Task description - Among the lines below, a stretch begins at the one with "using u' by simp" and ends at the one with "(auto simp: mult.commute)". Repeat that stretch exactly, ends included.

Material supplied -
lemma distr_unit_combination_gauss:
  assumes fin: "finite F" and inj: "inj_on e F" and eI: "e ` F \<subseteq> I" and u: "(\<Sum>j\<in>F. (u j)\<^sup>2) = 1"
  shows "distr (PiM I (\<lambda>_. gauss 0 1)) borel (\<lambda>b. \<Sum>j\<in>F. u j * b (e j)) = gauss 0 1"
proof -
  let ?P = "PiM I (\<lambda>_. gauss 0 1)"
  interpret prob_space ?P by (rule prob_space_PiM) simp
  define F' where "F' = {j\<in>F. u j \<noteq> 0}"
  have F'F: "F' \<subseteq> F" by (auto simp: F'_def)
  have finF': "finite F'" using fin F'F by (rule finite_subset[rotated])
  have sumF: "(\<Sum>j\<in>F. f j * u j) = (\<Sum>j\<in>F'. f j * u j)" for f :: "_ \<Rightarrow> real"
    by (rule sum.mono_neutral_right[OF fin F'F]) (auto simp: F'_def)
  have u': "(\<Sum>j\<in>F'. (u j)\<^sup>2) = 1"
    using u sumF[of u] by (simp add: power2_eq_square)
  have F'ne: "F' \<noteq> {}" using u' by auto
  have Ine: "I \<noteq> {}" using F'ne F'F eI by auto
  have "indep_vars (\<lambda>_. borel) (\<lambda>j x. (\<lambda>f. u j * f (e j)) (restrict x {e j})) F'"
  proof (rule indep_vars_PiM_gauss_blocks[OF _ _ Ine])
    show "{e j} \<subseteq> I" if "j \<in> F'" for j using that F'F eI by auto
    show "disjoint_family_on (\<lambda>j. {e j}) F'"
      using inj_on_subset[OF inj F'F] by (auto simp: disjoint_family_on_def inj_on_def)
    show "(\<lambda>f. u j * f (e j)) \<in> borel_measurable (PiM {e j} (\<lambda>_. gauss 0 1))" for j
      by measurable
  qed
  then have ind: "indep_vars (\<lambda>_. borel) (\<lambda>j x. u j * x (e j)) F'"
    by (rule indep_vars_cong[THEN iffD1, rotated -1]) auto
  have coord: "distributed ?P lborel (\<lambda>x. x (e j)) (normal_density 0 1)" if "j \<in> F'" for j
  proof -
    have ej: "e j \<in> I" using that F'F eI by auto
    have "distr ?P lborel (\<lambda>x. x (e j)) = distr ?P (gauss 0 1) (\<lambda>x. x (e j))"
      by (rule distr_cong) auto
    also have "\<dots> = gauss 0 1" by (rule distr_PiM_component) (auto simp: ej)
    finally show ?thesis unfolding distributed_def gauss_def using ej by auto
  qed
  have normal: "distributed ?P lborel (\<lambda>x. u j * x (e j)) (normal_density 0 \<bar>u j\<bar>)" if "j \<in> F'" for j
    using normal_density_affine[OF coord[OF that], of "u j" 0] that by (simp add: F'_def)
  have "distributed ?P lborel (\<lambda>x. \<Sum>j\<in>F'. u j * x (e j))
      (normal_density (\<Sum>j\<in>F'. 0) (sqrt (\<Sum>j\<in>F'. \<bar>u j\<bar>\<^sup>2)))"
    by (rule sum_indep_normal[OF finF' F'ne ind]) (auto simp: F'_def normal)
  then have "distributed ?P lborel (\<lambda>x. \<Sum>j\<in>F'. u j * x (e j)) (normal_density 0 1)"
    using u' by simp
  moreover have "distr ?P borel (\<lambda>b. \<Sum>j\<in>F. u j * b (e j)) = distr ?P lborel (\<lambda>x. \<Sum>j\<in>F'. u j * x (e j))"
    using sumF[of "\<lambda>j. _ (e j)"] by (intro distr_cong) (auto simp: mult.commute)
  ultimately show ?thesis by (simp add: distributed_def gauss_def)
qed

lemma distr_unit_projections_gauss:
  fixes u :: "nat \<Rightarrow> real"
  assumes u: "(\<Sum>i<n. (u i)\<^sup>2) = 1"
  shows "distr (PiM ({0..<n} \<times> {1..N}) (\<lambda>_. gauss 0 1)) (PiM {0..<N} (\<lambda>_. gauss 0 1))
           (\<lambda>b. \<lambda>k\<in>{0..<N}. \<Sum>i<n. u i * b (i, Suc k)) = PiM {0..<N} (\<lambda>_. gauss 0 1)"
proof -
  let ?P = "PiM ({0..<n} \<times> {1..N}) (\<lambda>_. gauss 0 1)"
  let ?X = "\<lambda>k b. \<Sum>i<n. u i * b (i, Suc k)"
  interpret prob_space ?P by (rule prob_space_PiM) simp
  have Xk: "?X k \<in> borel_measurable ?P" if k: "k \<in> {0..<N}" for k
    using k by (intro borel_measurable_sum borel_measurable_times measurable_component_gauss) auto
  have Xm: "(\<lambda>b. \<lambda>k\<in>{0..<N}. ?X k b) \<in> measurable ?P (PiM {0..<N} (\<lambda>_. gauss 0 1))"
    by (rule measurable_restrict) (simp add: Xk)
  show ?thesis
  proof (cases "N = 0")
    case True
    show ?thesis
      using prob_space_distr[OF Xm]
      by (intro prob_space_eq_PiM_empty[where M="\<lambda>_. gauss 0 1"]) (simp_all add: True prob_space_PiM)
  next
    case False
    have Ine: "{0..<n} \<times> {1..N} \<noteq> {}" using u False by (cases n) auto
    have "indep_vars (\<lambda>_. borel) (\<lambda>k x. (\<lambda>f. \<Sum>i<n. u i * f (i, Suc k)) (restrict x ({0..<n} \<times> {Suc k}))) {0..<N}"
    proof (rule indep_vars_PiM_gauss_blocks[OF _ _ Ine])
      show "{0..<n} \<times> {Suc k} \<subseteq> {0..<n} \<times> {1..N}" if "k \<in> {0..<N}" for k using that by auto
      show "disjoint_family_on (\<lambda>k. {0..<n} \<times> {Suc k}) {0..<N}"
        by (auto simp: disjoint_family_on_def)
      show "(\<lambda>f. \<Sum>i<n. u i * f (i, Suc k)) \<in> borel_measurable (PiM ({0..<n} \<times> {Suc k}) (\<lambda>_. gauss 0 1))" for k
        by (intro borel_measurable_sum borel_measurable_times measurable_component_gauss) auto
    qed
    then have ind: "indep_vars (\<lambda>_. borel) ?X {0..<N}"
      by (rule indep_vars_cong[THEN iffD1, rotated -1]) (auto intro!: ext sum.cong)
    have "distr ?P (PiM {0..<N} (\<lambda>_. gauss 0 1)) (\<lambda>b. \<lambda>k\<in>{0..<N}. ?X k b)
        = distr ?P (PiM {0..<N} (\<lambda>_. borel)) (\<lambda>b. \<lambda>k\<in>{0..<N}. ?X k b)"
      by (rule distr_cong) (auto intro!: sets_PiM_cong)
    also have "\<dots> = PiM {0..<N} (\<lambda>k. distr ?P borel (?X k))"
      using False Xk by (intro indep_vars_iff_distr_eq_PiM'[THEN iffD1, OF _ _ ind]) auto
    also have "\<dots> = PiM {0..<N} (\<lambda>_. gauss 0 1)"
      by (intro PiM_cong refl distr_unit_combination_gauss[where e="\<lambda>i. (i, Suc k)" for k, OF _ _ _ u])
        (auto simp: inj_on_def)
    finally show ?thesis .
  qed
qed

Result below -
    using u' by simp
  moreover have "distr ?P borel (\<lambda>b. \<Sum>j\<in>F. u j * b (e j)) = distr ?P lborel (\<lambda>x. \<Sum>j\<in>F'. u j * x (e j))"
    using sumF[of "\<lambda>j. _ (e j)"] by (intro distr_cong) (auto simp: mult.commute)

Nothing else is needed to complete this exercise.